_EXERCISE OBJECTIVE_.
Below is some data. Retype exactly the lines starting at the one with "text \<open>Polynomials over" and ending at the one with "by (simp add: geom_poly_def)".

[Stored items from a collection]
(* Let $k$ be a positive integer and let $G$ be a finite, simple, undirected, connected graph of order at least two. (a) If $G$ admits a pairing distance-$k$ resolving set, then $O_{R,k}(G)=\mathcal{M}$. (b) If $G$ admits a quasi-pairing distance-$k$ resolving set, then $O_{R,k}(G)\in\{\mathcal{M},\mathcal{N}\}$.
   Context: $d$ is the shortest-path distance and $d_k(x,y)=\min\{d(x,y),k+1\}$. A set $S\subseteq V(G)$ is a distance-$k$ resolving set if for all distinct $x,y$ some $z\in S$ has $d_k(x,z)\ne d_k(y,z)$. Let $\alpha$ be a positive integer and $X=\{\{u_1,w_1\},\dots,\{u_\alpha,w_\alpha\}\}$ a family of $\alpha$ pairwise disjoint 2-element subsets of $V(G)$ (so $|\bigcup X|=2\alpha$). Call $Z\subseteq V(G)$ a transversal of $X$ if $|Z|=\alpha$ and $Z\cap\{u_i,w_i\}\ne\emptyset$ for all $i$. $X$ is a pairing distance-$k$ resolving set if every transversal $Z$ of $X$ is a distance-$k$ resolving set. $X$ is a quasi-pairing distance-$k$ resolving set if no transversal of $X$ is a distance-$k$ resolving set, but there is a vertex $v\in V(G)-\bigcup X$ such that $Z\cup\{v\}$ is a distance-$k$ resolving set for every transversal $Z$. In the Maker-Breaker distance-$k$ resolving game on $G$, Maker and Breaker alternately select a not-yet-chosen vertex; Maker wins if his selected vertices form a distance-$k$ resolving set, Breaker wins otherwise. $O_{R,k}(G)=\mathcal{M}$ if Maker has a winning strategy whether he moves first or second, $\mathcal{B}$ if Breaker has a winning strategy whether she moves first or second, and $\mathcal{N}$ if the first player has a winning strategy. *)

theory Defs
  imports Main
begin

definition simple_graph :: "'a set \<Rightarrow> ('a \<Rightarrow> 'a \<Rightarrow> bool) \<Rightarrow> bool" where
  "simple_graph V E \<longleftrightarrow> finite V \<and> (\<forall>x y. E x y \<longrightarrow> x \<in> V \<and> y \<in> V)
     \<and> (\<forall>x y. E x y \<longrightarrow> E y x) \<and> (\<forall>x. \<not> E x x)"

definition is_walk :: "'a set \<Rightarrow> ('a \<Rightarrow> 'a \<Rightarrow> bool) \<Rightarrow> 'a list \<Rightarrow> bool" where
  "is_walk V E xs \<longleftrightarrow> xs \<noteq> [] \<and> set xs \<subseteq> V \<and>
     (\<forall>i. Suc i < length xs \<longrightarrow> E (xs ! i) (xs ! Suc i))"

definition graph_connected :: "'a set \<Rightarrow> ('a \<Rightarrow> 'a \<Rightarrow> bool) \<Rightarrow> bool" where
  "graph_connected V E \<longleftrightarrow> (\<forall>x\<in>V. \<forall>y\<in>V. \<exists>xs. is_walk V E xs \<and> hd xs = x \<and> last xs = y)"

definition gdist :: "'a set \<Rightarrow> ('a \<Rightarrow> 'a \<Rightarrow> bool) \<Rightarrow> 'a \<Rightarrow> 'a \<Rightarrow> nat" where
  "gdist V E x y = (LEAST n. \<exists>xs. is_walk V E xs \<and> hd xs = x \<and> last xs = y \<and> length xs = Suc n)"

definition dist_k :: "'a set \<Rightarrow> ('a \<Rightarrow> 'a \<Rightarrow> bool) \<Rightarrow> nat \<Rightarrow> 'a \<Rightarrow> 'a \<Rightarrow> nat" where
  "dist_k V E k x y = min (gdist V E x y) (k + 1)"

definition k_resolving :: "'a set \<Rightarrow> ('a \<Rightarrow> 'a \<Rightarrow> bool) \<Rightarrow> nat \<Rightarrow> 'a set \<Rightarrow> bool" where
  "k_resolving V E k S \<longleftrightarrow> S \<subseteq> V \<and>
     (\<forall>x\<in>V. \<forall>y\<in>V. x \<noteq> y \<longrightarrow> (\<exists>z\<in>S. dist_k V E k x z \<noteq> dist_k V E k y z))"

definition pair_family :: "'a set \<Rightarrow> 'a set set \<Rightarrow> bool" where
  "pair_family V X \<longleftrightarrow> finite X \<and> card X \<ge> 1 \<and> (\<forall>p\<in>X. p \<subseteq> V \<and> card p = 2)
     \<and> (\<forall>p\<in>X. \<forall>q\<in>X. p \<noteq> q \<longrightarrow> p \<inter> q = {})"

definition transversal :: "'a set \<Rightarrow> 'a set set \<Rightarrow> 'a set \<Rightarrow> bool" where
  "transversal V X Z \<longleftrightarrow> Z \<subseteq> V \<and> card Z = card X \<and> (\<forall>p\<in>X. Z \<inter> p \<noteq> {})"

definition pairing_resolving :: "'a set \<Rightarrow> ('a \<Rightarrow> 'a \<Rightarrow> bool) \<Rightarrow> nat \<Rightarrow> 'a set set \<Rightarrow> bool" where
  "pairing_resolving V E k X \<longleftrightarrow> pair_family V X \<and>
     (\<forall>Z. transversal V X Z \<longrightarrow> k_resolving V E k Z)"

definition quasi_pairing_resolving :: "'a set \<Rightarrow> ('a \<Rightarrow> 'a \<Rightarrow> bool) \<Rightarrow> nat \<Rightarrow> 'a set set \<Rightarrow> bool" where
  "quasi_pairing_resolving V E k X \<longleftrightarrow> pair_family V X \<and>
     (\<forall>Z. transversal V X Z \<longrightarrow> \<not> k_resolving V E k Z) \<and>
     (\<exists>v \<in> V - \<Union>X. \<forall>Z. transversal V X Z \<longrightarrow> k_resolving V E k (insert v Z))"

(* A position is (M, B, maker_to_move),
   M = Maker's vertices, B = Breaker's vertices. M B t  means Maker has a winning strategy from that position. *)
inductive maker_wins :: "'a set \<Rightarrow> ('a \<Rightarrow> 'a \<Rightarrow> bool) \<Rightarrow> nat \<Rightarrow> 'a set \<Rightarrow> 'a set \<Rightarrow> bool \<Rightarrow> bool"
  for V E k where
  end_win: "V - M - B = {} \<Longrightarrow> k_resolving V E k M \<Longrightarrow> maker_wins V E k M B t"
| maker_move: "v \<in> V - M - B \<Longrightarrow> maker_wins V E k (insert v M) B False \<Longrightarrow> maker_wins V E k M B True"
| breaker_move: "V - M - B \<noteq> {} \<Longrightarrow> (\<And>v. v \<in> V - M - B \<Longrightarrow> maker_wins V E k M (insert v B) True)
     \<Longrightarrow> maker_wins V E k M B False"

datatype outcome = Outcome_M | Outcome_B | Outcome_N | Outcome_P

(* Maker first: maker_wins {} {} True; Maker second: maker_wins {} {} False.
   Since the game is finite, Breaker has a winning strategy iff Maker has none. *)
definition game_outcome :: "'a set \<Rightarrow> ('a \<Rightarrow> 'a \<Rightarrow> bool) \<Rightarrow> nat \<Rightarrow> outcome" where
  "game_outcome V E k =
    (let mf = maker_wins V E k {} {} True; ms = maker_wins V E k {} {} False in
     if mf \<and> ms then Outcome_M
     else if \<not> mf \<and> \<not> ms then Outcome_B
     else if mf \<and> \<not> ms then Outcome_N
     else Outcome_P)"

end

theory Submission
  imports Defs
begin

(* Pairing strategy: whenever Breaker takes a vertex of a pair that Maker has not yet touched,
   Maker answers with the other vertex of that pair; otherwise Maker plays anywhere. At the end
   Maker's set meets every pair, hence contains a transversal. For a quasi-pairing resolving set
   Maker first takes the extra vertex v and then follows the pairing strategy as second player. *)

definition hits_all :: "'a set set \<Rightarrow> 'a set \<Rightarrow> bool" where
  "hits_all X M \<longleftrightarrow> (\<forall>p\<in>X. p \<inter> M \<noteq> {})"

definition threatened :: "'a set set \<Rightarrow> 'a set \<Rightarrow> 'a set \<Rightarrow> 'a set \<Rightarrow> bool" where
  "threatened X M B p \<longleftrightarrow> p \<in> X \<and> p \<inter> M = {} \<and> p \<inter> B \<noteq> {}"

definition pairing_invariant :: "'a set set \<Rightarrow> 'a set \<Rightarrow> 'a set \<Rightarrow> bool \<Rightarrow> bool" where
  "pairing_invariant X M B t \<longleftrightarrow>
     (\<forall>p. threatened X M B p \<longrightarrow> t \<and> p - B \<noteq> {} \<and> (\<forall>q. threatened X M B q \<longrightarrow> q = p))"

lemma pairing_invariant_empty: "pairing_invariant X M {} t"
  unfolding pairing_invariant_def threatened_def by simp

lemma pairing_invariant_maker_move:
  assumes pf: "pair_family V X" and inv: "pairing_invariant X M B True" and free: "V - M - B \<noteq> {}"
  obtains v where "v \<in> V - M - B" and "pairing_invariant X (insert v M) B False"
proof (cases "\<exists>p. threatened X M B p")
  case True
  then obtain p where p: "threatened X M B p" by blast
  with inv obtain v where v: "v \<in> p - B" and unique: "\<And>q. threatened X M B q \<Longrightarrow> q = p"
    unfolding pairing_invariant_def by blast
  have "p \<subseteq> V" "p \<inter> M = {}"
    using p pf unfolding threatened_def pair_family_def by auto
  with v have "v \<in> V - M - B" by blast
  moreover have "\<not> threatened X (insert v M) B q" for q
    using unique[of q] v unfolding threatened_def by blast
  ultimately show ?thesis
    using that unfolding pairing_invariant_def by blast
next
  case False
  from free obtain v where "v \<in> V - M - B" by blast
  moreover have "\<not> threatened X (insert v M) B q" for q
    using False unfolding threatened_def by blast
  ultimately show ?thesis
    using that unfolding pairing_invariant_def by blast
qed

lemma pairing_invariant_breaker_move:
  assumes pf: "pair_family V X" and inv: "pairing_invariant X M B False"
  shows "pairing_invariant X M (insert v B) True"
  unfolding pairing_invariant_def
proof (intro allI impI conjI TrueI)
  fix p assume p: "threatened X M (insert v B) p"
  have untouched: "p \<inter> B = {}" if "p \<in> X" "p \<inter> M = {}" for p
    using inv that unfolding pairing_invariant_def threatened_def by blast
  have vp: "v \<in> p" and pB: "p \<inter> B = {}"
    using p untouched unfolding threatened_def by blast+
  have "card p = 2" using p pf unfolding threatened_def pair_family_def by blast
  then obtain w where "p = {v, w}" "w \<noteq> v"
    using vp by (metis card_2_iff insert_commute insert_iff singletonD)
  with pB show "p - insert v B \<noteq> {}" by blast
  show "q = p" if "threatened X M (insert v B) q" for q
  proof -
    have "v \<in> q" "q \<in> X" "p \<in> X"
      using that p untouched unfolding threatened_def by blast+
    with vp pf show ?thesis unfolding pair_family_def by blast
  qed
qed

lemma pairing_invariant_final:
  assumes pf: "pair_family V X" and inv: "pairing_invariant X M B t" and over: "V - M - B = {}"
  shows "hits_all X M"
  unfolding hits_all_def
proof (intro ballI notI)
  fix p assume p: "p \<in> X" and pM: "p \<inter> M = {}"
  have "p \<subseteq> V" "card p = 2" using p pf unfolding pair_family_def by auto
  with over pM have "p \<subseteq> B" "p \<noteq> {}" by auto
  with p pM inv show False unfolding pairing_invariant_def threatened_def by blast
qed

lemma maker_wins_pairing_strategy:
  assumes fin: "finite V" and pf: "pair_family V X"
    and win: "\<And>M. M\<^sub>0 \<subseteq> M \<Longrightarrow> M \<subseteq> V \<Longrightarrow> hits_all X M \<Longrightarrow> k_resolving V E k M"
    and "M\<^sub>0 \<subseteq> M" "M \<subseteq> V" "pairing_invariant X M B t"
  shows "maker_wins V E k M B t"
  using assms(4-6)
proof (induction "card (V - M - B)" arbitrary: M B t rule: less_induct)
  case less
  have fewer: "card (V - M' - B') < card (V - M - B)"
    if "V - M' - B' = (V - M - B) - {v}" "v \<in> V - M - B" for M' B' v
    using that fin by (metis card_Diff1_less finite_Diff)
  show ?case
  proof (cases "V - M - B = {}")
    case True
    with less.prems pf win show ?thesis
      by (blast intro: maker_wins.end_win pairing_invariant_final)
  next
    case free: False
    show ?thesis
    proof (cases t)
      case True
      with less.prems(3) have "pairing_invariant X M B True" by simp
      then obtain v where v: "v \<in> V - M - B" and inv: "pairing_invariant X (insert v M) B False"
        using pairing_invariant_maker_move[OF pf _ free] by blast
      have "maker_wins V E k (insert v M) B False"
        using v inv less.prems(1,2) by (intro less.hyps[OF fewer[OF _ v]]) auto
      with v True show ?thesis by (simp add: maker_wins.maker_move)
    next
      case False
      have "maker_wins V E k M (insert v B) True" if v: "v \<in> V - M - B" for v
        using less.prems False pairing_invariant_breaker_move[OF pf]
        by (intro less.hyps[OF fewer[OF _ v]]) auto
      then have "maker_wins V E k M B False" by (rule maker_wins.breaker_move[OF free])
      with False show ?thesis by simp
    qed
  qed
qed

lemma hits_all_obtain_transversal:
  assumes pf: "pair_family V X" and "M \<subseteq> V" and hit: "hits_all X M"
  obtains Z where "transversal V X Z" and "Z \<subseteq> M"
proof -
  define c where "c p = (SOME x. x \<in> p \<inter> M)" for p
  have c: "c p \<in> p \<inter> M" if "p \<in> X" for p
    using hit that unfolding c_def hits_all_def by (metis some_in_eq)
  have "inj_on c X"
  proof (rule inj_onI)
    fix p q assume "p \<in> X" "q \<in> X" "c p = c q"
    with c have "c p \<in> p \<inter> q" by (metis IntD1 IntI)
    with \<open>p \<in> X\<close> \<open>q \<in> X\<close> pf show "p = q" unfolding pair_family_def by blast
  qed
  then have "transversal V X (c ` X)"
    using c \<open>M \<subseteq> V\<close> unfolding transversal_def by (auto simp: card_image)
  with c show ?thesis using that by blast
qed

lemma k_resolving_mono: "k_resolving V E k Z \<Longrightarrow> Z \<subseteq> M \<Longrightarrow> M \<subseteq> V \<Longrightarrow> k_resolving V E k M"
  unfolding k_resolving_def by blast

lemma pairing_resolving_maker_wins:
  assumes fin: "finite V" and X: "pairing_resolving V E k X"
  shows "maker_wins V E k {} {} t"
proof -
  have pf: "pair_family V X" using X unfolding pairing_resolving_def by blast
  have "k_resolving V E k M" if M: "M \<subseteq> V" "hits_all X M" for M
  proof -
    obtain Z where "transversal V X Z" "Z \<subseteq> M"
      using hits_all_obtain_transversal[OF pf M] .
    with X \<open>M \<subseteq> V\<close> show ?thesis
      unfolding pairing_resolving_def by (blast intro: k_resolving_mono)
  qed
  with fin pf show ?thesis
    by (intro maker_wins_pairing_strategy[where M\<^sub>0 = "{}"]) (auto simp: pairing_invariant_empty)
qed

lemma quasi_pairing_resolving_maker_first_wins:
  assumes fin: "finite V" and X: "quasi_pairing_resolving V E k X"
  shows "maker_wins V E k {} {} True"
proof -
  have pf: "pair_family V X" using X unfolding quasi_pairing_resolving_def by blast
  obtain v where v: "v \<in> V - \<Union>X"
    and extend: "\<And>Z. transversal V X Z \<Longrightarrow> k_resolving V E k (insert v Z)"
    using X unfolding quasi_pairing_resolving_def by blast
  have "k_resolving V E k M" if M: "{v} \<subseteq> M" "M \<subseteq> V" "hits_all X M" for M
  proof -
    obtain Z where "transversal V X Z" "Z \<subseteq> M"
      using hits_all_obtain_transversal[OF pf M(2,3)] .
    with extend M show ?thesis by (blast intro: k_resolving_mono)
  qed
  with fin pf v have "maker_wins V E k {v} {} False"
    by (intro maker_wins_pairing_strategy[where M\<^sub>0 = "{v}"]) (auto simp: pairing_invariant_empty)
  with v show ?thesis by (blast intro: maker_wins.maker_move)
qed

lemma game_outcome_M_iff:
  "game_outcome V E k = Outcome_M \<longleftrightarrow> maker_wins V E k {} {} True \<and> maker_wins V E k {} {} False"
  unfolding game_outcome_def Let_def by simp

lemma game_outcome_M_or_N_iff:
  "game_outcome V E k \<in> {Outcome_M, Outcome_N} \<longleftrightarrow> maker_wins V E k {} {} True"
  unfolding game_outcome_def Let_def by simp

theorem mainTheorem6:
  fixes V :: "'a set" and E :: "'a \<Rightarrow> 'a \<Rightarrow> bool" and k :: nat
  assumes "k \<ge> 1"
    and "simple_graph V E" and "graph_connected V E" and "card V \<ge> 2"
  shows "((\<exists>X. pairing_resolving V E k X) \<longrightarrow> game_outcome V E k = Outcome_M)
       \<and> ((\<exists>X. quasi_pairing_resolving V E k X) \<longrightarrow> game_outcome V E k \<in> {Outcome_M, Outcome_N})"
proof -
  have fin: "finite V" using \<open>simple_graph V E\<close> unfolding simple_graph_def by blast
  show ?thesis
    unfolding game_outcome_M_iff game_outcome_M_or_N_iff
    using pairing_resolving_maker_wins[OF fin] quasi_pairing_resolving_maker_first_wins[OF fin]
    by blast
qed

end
==
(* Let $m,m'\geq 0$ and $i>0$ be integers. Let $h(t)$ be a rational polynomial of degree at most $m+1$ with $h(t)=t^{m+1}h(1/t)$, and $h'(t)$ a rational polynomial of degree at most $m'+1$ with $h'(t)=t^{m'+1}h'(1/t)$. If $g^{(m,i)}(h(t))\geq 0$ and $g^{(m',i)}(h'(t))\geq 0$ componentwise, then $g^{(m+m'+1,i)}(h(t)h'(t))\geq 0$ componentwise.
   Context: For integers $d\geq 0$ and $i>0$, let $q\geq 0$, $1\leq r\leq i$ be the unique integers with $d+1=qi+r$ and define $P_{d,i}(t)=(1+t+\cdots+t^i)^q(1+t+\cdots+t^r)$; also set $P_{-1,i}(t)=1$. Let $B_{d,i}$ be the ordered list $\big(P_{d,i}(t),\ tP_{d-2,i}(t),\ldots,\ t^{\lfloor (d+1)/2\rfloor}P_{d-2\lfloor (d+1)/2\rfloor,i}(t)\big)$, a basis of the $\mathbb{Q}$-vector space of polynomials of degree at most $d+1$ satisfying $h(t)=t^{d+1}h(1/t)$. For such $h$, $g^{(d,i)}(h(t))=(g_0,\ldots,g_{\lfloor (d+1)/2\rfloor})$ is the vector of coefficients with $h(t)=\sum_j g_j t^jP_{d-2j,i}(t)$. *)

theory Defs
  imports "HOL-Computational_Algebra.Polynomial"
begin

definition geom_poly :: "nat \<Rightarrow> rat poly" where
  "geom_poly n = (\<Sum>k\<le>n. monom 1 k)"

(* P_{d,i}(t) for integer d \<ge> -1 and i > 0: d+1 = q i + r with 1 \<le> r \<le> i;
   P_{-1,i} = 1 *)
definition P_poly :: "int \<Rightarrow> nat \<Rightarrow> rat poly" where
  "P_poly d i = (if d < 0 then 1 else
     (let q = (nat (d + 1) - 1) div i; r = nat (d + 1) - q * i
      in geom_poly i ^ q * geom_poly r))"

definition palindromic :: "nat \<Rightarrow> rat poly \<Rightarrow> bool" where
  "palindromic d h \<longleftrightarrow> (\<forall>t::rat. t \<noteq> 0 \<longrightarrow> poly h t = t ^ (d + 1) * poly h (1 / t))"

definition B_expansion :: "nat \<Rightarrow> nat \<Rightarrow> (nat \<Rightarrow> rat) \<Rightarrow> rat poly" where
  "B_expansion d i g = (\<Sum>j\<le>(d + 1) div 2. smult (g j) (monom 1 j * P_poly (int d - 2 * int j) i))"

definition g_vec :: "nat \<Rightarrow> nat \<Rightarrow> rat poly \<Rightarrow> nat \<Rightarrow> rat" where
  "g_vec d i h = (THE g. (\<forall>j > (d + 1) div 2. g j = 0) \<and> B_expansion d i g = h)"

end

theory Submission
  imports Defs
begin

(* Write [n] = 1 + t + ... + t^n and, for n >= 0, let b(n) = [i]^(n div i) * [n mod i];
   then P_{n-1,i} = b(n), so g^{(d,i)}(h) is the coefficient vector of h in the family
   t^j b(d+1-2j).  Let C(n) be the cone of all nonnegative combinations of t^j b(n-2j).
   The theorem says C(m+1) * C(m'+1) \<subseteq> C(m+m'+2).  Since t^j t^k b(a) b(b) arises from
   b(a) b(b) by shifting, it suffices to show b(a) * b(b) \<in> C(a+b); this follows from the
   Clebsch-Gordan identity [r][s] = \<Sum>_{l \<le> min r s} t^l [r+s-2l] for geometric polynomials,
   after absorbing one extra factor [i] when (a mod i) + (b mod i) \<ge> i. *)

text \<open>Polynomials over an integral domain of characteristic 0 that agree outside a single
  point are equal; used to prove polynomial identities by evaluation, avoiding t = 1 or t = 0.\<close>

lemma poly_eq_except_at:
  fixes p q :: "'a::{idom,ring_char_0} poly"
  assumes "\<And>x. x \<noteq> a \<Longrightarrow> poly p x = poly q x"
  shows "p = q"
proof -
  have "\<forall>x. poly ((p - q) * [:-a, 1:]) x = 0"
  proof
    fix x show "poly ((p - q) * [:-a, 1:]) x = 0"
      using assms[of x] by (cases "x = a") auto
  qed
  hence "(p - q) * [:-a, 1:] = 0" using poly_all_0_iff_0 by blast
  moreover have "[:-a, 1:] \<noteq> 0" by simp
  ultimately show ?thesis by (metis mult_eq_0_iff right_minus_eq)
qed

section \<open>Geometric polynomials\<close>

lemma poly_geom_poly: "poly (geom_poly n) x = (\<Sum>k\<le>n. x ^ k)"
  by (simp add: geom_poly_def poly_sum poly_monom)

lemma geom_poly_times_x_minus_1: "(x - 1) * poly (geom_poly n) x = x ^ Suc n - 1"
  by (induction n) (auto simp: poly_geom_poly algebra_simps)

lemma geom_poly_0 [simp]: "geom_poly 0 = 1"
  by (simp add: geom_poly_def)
* * *
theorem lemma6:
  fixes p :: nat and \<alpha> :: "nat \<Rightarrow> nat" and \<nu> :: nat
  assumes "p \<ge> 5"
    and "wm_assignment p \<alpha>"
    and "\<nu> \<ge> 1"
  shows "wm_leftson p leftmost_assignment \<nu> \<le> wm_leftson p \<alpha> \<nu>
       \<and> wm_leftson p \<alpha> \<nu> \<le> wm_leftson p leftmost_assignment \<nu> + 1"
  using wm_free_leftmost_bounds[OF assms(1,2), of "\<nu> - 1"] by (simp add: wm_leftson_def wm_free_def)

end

_ANSWER BOX_.
text \<open>Polynomials over an integral domain of characteristic 0 that agree outside a single
  point are equal; used to prove polynomial identities by evaluation, avoiding t = 1 or t = 0.\<close>

lemma poly_eq_except_at:
  fixes p q :: "'a::{idom,ring_char_0} poly"
  assumes "\<And>x. x \<noteq> a \<Longrightarrow> poly p x = poly q x"
  shows "p = q"
proof -
  have "\<forall>x. poly ((p - q) * [:-a, 1:]) x = 0"
  proof
    fix x show "poly ((p - q) * [:-a, 1:]) x = 0"
      using assms[of x] by (cases "x = a") auto
  qed
  hence "(p - q) * [:-a, 1:] = 0" using poly_all_0_iff_0 by blast
  moreover have "[:-a, 1:] \<noteq> 0" by simp
  ultimately show ?thesis by (metis mult_eq_0_iff right_minus_eq)
qed

section \<open>Geometric polynomials\<close>

lemma poly_geom_poly: "poly (geom_poly n) x = (\<Sum>k\<le>n. x ^ k)"
  by (simp add: geom_poly_def poly_sum poly_monom)

lemma geom_poly_times_x_minus_1: "(x - 1) * poly (geom_poly n) x = x ^ Suc n - 1"
  by (induction n) (auto simp: poly_geom_poly algebra_simps)

lemma geom_poly_0 [simp]: "geom_poly 0 = 1"
  by (simp add: geom_poly_def)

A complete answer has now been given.